For this reason, the two containers need to be able to communicate with each other. This is achieved by setting a bridged network over which the two containers will be able to communicate. No need to worry. The following batch file will take care to setup the required bridged network, run the containers and then clean up everything once you are done.

Copy and paste the below code into a file and name it something sensible, such as run-corenlp-lab.bat. Once more, remember to change namespace in the batch file to match the one you set in the Dockerfile.

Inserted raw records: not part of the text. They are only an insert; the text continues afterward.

(* Let $\mathcal G$ be a doubly connected molecular graph and let $b_0$ be a redundant blue solid edge of $\mathcal G$. Let $b$ be a diffusive edge of $\mathcal G$ joining molecules $\mathcal M_1$ and $\mathcal M_2$, and let $\mathcal M$ be another molecule of $\mathcal G$ (distinct from $\mathcal M_1,\mathcal M_2$). Form a new graph by removing $b$ and adding two diffusive edges, $b_1$ joining $\mathcal M_1$ and $\mathcal M$ and $b_2$ joining $\mathcal M$ and $\mathcal M_2$. Then $b_0$ is still redundant in the new graph.
   Context: A molecular graph is a finite multigraph whose vertices are called molecules and each of whose edges joins two distinct molecules and is either a diffusive edge or a blue solid edge (parallel edges are allowed). A molecular graph is doubly connected if there exist two disjoint sets of edges, $\mathcal B_{black}$ consisting only of diffusive edges and $\mathcal B_{blue}$ consisting only of blue solid or diffusive edges, such that each of $\mathcal B_{black}$ and $\mathcal B_{blue}$ contains a spanning tree of the set of all molecules. A blue solid edge $e$ of a doubly connected graph is redundant if the graph obtained by deleting $e$ is still doubly connected. *)

theory Defs
  imports Main
begin

datatype edge_kind = Diffusive | BlueSolid

definition joins :: "('e \<Rightarrow> 'v \<times> 'v) \<Rightarrow> 'e \<Rightarrow> 'v \<Rightarrow> 'v \<Rightarrow> bool" where
  "joins ends e u v \<longleftrightarrow> ends e = (u, v) \<or> ends e = (v, u)"

definition molecular_graph :: "'v set \<Rightarrow> 'e set \<Rightarrow> ('e \<Rightarrow> 'v \<times> 'v) \<Rightarrow> bool" where
  "molecular_graph V E ends \<longleftrightarrow> finite V \<and> finite E \<and>
     (\<forall>e\<in>E. fst (ends e) \<in> V \<and> snd (ends e) \<in> V \<and> fst (ends e) \<noteq> snd (ends e))"

definition adj :: "'e set \<Rightarrow> ('e \<Rightarrow> 'v \<times> 'v) \<Rightarrow> 'v \<Rightarrow> 'v \<Rightarrow> bool" where
  "adj F ends u v \<longleftrightarrow> (\<exists>e\<in>F. joins ends e u v)"

definition connects :: "'v set \<Rightarrow> 'e set \<Rightarrow> ('e \<Rightarrow> 'v \<times> 'v) \<Rightarrow> bool" where
  "connects V F ends \<longleftrightarrow> (\<forall>u\<in>V. \<forall>v\<in>V. (adj F ends)\<^sup>*\<^sup>* u v)"

definition spanning_tree :: "'v set \<Rightarrow> 'e set \<Rightarrow> ('e \<Rightarrow> 'v \<times> 'v) \<Rightarrow> bool" where
  "spanning_tree V T ends \<longleftrightarrow> connects V T ends \<and> (\<forall>e\<in>T. \<not> connects V (T - {e}) ends)"

definition contains_spanning_tree :: "'v set \<Rightarrow> 'e set \<Rightarrow> ('e \<Rightarrow> 'v \<times> 'v) \<Rightarrow> bool" where
  "contains_spanning_tree V F ends \<longleftrightarrow> (\<exists>T\<subseteq>F. spanning_tree V T ends)"

definition doubly_connected ::
  "'v set \<Rightarrow> 'e set \<Rightarrow> ('e \<Rightarrow> 'v \<times> 'v) \<Rightarrow> ('e \<Rightarrow> edge_kind) \<Rightarrow> bool" where
  "doubly_connected V E ends kind \<longleftrightarrow>
     (\<exists>Bblack Bblue. Bblack \<subseteq> E \<and> Bblue \<subseteq> E \<and> Bblack \<inter> Bblue = {} \<and>
        (\<forall>e\<in>Bblack. kind e = Diffusive) \<and>
        (\<forall>e\<in>Bblue. kind e = BlueSolid \<or> kind e = Diffusive) \<and>
        contains_spanning_tree V Bblack ends \<and> contains_spanning_tree V Bblue ends)"

definition redundant ::
  "'v set \<Rightarrow> 'e set \<Rightarrow> ('e \<Rightarrow> 'v \<times> 'v) \<Rightarrow> ('e \<Rightarrow> edge_kind) \<Rightarrow> 'e \<Rightarrow> bool" where
  "redundant V E ends kind e \<longleftrightarrow> e \<in> E \<and> kind e = BlueSolid \<and>
     doubly_connected V E ends kind \<and> doubly_connected V (E - {e}) ends kind"

end

theory Submission
  imports Defs
begin

text \<open>Subdividing the diffusive edge \<open>b\<close> into the path \<open>M1 \<midarrow> M \<midarrow> M2\<close> preserves connectivity of
  every edge set: wherever \<open>b\<close> was used, the two new edges are used instead. The edge \<open>b\<close> lies
  in at most one of the two disjoint connecting sets witnessing double connectivity, and the new
  edges are diffusive, so double connectivity survives the subdivision. Applying this both to
  \<open>\<G>\<close> and to \<open>\<G>\<close> without \<open>b\<^sub>0\<close> (note \<open>b\<^sub>0 \<noteq> b\<close>, as \<open>b\<^sub>0\<close> is blue solid) shows that \<open>b\<^sub>0\<close> stays
  redundant.\<close>

lemma connects_if_edges_connected:
  assumes "connects V F ends"
    and "\<And>e u v. e \<in> F \<Longrightarrow> joins ends e u v \<Longrightarrow> (adj F' ends')\<^sup>*\<^sup>* u v"
  shows "connects V F' ends'"
proof -
  have "adj F ends \<le> (adj F' ends')\<^sup>*\<^sup>*"
    using assms(2) unfolding adj_def by blast
  then have "(adj F ends)\<^sup>*\<^sup>* \<le> ((adj F' ends')\<^sup>*\<^sup>*)\<^sup>*\<^sup>*"
    by (rule rtranclp_mono)
  then have "(adj F ends)\<^sup>*\<^sup>* \<le> (adj F' ends')\<^sup>*\<^sup>*"
    by simp
  then show ?thesis
    using assms(1) unfolding connects_def by blast
qed

lemma connects_mono:
  assumes "connects V T ends" and "T \<subseteq> F"
  shows "connects V F ends"
proof (rule connects_if_edges_connected[OF assms(1)])
  fix e u v
  assume "e \<in> T" "joins ends e u v"
  then have "adj F ends u v"
    using assms(2) unfolding adj_def by blast
  then show "(adj F ends)\<^sup>*\<^sup>* u v" ..
qed

lemma contains_spanning_tree_iff_connects:
  assumes "finite F"
  shows "contains_spanning_tree V F ends \<longleftrightarrow> connects V F ends"
proof
  show "contains_spanning_tree V F ends \<Longrightarrow> connects V F ends"
    unfolding contains_spanning_tree_def spanning_tree_def using connects_mono by blast
  show "connects V F ends \<Longrightarrow> contains_spanning_tree V F ends"
    using assms
  proof (induction "card F" arbitrary: F rule: less_induct)
    case less
    show ?case
    proof (cases "spanning_tree V F ends")
      case True
      then show ?thesis unfolding contains_spanning_tree_def by blast
    next
      case False
      then obtain e where e: "e \<in> F" "connects V (F - {e}) ends"
        using less.prems unfolding spanning_tree_def by blast
      have "card (F - {e}) < card F"
        using e less.prems by (meson card_Diff1_less)
      then have "contains_spanning_tree V (F - {e}) ends"
        using less e by auto
      then show ?thesis unfolding contains_spanning_tree_def by blast
    qed
  qed
qed

lemma doubly_connected_iff_connects:
  assumes "finite E"
  shows "doubly_connected V E ends kind \<longleftrightarrow>
     (\<exists>Bblack Bblue. Bblack \<subseteq> E \<and> Bblue \<subseteq> E \<and> Bblack \<inter> Bblue = {} \<and>
        (\<forall>e\<in>Bblack. kind e = Diffusive) \<and>
        (\<forall>e\<in>Bblue. kind e = BlueSolid \<or> kind e = Diffusive) \<and>
        connects V Bblack ends \<and> connects V Bblue ends)"
proof -
  have "contains_spanning_tree V B ends \<longleftrightarrow> connects V B ends" if "B \<subseteq> E" for B
    using contains_spanning_tree_iff_connects finite_subset[OF that assms] by blast
  then show ?thesis
    unfolding doubly_connected_def by meson
qed

definition subdivide :: "'e \<Rightarrow> 'e \<Rightarrow> 'e \<Rightarrow> 'e set \<Rightarrow> 'e set" where
  "subdivide b b1 b2 S = (if b \<in> S then S - {b} \<union> {b1, b2} else S)"

lemma connects_subdivide:
  assumes "connects V S ends" and "joins ends b M1 M2"
    and "b1 \<notin> S" and "b2 \<notin> S" and "b1 \<noteq> b2"
  shows "connects V (subdivide b b1 b2 S) (ends(b1 := (M1, M), b2 := (M, M2)))"
proof (rule connects_if_edges_connected[OF assms(1)])
  fix e u v
  assume e: "e \<in> S" "joins ends e u v"
  let ?S = "subdivide b b1 b2 S"
  let ?ends = "ends(b1 := (M1, M), b2 := (M, M2))"
  show "(adj ?S ?ends)\<^sup>*\<^sup>* u v"
  proof (cases "e = b")
    case True
    have "adj ?S ?ends M1 M" "adj ?S ?ends M M1" "adj ?S ?ends M M2" "adj ?S ?ends M2 M"
      using True e assms(5) by (auto simp: subdivide_def adj_def joins_def)
    moreover have "(u = M1 \<and> v = M2) \<or> (u = M2 \<and> v = M1)"
      using True e assms(2) by (auto simp: joins_def)
    ultimately show ?thesis
      by (meson converse_rtranclp_into_rtranclp r_into_rtranclp)
  next
    case False
    then have "adj ?S ?ends u v"
      using e assms(3,4) by (auto simp: subdivide_def adj_def joins_def)
    then show ?thesis by blast
  qed
qed

lemma doubly_connected_subdivide:
  assumes "finite E" and "doubly_connected V E ends kind"
    and "kind b = Diffusive" and "joins ends b M1 M2"
    and "b1 \<notin> E" and "b2 \<notin> E" and "b1 \<noteq> b2"
  shows "doubly_connected V (subdivide b b1 b2 E) (ends(b1 := (M1, M), b2 := (M, M2)))
           (kind(b1 := Diffusive, b2 := Diffusive))"
proof -
  let ?ends = "ends(b1 := (M1, M), b2 := (M, M2))"
  let ?kind = "kind(b1 := Diffusive, b2 := Diffusive)"
  let ?sub = "subdivide b b1 b2"
  obtain Bk Bu where B: "Bk \<subseteq> E" "Bu \<subseteq> E" "Bk \<inter> Bu = {}"
    "\<forall>e\<in>Bk. kind e = Diffusive" "\<forall>e\<in>Bu. kind e = BlueSolid \<or> kind e = Diffusive"
    "connects V Bk ends" "connects V Bu ends"
    using assms(2) unfolding doubly_connected_iff_connects[OF assms(1)] by blast
  have "connects V (?sub Bk) ?ends" "connects V (?sub Bu) ?ends"
    using connects_subdivide[OF B(6) assms(4)] connects_subdivide[OF B(7) assms(4)]
      B(1,2) assms(5-7) by blast+
  moreover have "?sub Bk \<subseteq> ?sub E" "?sub Bu \<subseteq> ?sub E" "?sub Bk \<inter> ?sub Bu = {}"
    using B(1-3) assms(5,6) by (auto simp: subdivide_def)
  moreover have "\<forall>e\<in>?sub Bk. ?kind e = Diffusive"
    "\<forall>e\<in>?sub Bu. ?kind e = BlueSolid \<or> ?kind e = Diffusive"
    using B(4,5) by (auto simp: subdivide_def)
  moreover have "finite (?sub E)"
    using assms(1) by (simp add: subdivide_def)
  ultimately show ?thesis
    using doubly_connected_iff_connects[of "?sub E"] by blast
qed

theorem claimA2:
  fixes V :: "'v set" and E :: "'e set" and ends :: "'e \<Rightarrow> 'v \<times> 'v"
    and kind :: "'e \<Rightarrow> edge_kind" and b0 b b1 b2 :: 'e and M1 M2 M :: 'v
  assumes "molecular_graph V E ends"
    and "doubly_connected V E ends kind"
    and "redundant V E ends kind b0"
    and "b \<in> E" and "kind b = Diffusive" and "joins ends b M1 M2"
    and "M \<in> V" and "M \<noteq> M1" and "M \<noteq> M2"
    and "b1 \<notin> E" and "b2 \<notin> E" and "b1 \<noteq> b2"
  shows "redundant V ((E - {b}) \<union> {b1, b2})
           (ends(b1 := (M1, M), b2 := (M, M2)))
           (kind(b1 := Diffusive, b2 := Diffusive)) b0"
proof -
  have fin: "finite E"
    using assms(1) unfolding molecular_graph_def by blast
  have b0: "b0 \<in> E" "kind b0 = BlueSolid" "doubly_connected V (E - {b0}) ends kind"
    using assms(3) unfolding redundant_def by auto
  have b0_fresh: "b0 \<noteq> b" "b0 \<noteq> b1" "b0 \<noteq> b2"
    using b0 assms(5,10,11) by auto
  have "subdivide b b1 b2 E = E - {b} \<union> {b1, b2}"
    "subdivide b b1 b2 (E - {b0}) = (E - {b} \<union> {b1, b2}) - {b0}"
    using assms(4) b0_fresh by (auto simp: subdivide_def)
  moreover have "doubly_connected V (subdivide b b1 b2 E) (ends(b1 := (M1, M), b2 := (M, M2)))
      (kind(b1 := Diffusive, b2 := Diffusive))"
    "doubly_connected V (subdivide b b1 b2 (E - {b0})) (ends(b1 := (M1, M), b2 := (M, M2)))
      (kind(b1 := Diffusive, b2 := Diffusive))"
    using doubly_connected_subdivide[OF fin assms(2,5,6,10-12)]
      doubly_connected_subdivide[OF _ b0(3) assms(5,6)] fin assms(10-12) by auto
  ultimately show ?thesis
    unfolding redundant_def using b0 b0_fresh by auto
qed

end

docker network create corenlp-net
docker create --rm -it -v "%cd%":/usr/src/app -w /corenlp --network corenlp-net --name corenlp-inst namespace/corenlp-debian:latest
docker start corenlp-inst
docker create --rm -it -v "%cd%":/usr/src/app -w /usr/src/app --network corenlp-net --name python3-inst python:3.7.0-stretch /bin/bash
docker start python3-inst
docker attach python3-inst
echo "Shutting down..."
docker stop corenlp-inst
docker network rm corenlp-net
echo "Done."

Finally, change your path to the location where you want to write your experimental Python NLP code. Once done, execute the batch file you just created from this new location by specifying the full path to it. For example, if you saved the run-corenlp-lab.bat file in C:\projects\docker\nlp\ and your NLP code is in C:\projects\nlp\exp01\ you shoud execute C:\projects\docker\nlp\run-corenlp-lab.bat from within C:\projects\nlp\exp01\.

The run-corenlp-lab.bat instructs Docker to mount the current working directory, in this example C:\projects\nlp\exp01\ as /usr/src/app. Once the Python container is running you will be able to write code in your preferred text editor on your host machine and execute it in the Python container.

Setting Python Virtual Environment and Installing py-corenlp

First, create a virtual environment like so, python -m venv nlpenv. In the running example, this will create a nlpenv directory under /usr/src/app. Next, activate the virtual environment by executing source nlpenv/bin/activate, assuming you named the virtual environment nlpenv.

Finally, install the required python libraries, in this case let us install ipython and py-corenlp.

pip install --upgrade pip
pip install ipython pycorenlp

Testing py-corenlp with Stanford CoreNLP

Now that all is in place let us test CoreNLP’s ability to perform part-of-speech (POS) tagging and sentiment analysis, as an example. First, load ipython and then execute the following code.

In [1]:	from pycorenlp import StanfordCoreNLP

In [2]: nlp = StanfordCoreNLP('http://corenlp-inst:9000')

In [3]: text = "The food was delicious, matched with top-notch service."

In [4]: output = nlp.annotate(text, properties={
   ...:     'annotators': 'pos,sentiment',
   ...:     'outputFormat': 'json'
   ...: })

In [5]: output['sentences'][0]['sentimentValue']
Out[5]: '4'

In [6]: output['sentences'][0]['sentiment']
Out[6]: 'Verypositive'

In [7]: print(output['sentences'][0]['parse'])
(ROOT
  (S
    (NP (DT The) (NN food))
    (VP (VBD was)
      (ADJP (JJ delicious))
      (, ,)
      (S
        (VP (VBN matched)
          (PP (IN with)
            (NP (JJ top-notch) (NN service))))))
    (. .)))

When you are done, just execute exit and the containers will be stopped and the bridged network removed. The code you created will still be present on your host machine, in this example C:\projects\nlp\exp01\.

That is all. Now you have an easy way to create an environment using Docker containers in which you can experiment with natural language processing through the Stanford CoreNLP library.